Trading activity is thin this morning as investors await the results of this afternoon’s $16 billion sale of 30-year bonds by the Treasury Department.  This auction represents the last leg of a record-sized $81 billion three-part borrowing spree by Uncle Sam.  The Treasury sold $40 billion of 3-year notes on Monday and $25 billion of 10-year notes on Tuesday.  The 10-year sale drew decent demand while the 3-year note auction generated the strongest buyer appetite in more than 20 years.  One group of analysts is arguing the falling dollar will lure bargain shopping foreign investors in droves to today’s 30-year bond sale. The opposing camp is equally convinced that now that the Fed is no longer actively adding to their fixed-income portfolio, these longer-dated securities will likely require higher yields to attract the necessary capital. 

Everybody will be watching intently to see if demand steps up on its own.  If so, interest rates in general -- and mortgage interest rates in particular --will likely remain little changed.  On the other hand, if private demand is weak -- mortgage investors will almost certainly register their displeasure by pushing mortgage interest rates noticeably higher. 

  In other news of the day – the government reported the number of workers filing new claims for jobless benefits dropped by 12,000 last week.  The four-week moving average of new claims, considered a better gauge of underlying trends, fell by 4,500 for the period.  During the latest week for which data is available (week ended October 24th) enrollment in extended benefits programs decreased by 28,240 while the Emergency Unemployment Compensation program enrollment rose by 22,400.  

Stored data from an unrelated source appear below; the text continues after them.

lemma add_subgroup_hom_deg:
  assumes "group G" and "graded_group G NG" and "lmod laN" and "\<sigma> \<in> carrier G"
  shows "add_subgroup {f. hom_deg G laM MG laN NG \<sigma> f}"
proof -
  have NG: "add_subgroup (NG (\<tau> \<otimes>\<^bsub>G\<^esub> \<sigma>))" if "\<tau> \<in> carrier G" for \<tau>
    using assms(1,2,4) that by (simp add: graded_group_def group.is_monoid monoid.m_closed)
  have laN: "additive (laN a)" for a
    by (rule lmod_additive_right[OF assms(3)])
  have "hom_deg G laM MG laN NG \<sigma> 0"
    using assms(4) by (auto simp: hom_deg_def additive.zero[OF laN] intro: add_subgroup_zero NG)
  moreover have "hom_deg G laM MG laN NG \<sigma> (f + g)"
    if "hom_deg G laM MG laN NG \<sigma> f" and "hom_deg G laM MG laN NG \<sigma> g" for f g
    using that
    by (auto simp: hom_deg_def additive.add[OF laN] algebra_simps intro: add_subgroup_add NG)
  moreover have "hom_deg G laM MG laN NG \<sigma> (- f)" if "hom_deg G laM MG laN NG \<sigma> f" for f
    using that by (auto simp: hom_deg_def additive.minus[OF laN] intro: add_subgroup_neg NG)
  ultimately show ?thesis
    by (simp add: add_subgroup_def)
qed
lemma C_pair_term_right:
  assumes [typing]: "f \<in> C_hom D Z X" "g \<in> C_hom D Z terminal"
  shows "\<langle>f, g\<rangle> = f"
proof -
  have "\<langle>f, g\<rangle> = \<langle>f, g\<rangle> \<bullet> \<pi>\<^sub>1 X terminal"
    by (simp add: C_runitor_id C_id_right[OF C_pair_hom[OF assms], simplified C_prod_unit_right])
  also have "\<dots> = f" by (rule C_pair_p1[OF assms])
  finally show ?thesis .
qed

lemma C_pair_term_left:
  assumes [typing]: "f \<in> C_hom D Z terminal" "g \<in> C_hom D Z Y"
  shows "\<langle>f, g\<rangle> = g"
proof -
  have "\<langle>f, g\<rangle> = \<langle>f, g\<rangle> \<bullet> \<pi>\<^sub>2 terminal Y"
    by (simp add: C_lunitor_id C_id_right[OF C_pair_hom[OF assms], simplified C_prod_unit_left])
  also have "\<dots> = g" by (rule C_pair_p2[OF assms])
  finally show ?thesis .
qed

lemma C_pair_p1_p2: "\<langle>\<pi>\<^sub>1 X Y, \<pi>\<^sub>2 X Y\<rangle> = idC (X \<times>\<^sub>C Y)"
  using C_pair_unique[OF C_id_hom[of "X \<times>\<^sub>C Y"]] by (simp add: C_id_left[OF C_p1_hom] C_id_left[OF C_p2_hom])

lemma C_comp_bang: "f \<in> C_hom D X Y \<Longrightarrow> f \<bullet> bang Y = bang X"
  by (rule C_bang_unique) (simp add: C_comp_hom C_bang_hom)

lemma C_diag_hom: "\<delta> X \<in> C_hom D X (X \<times>\<^sub>C X)"
  by (rule typing | simp only: strict_monoidal)+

Behind all this statistical mumbo-jumbo a story of very gradual improvement in the labor sector is beginning to emerge. Even so, it will likely be an extended period of time before the worst collapse in the labor sector since the Great Depression is declared officially over.  Recent economic improvement has to be sustained for many months for hiring to resume, as businesses first increase existing worker hours and bring on temporary workers before increasing payroll head count.  The majority of analysts firmly believe it will be well into the second-half of 2010 before the Labor Department’s headline nonfarm payroll report shows any meaningful gains.  Over the same time frame labor market data will tend to mute the development of upward pressure on mortgage interest rates emanating from other influences.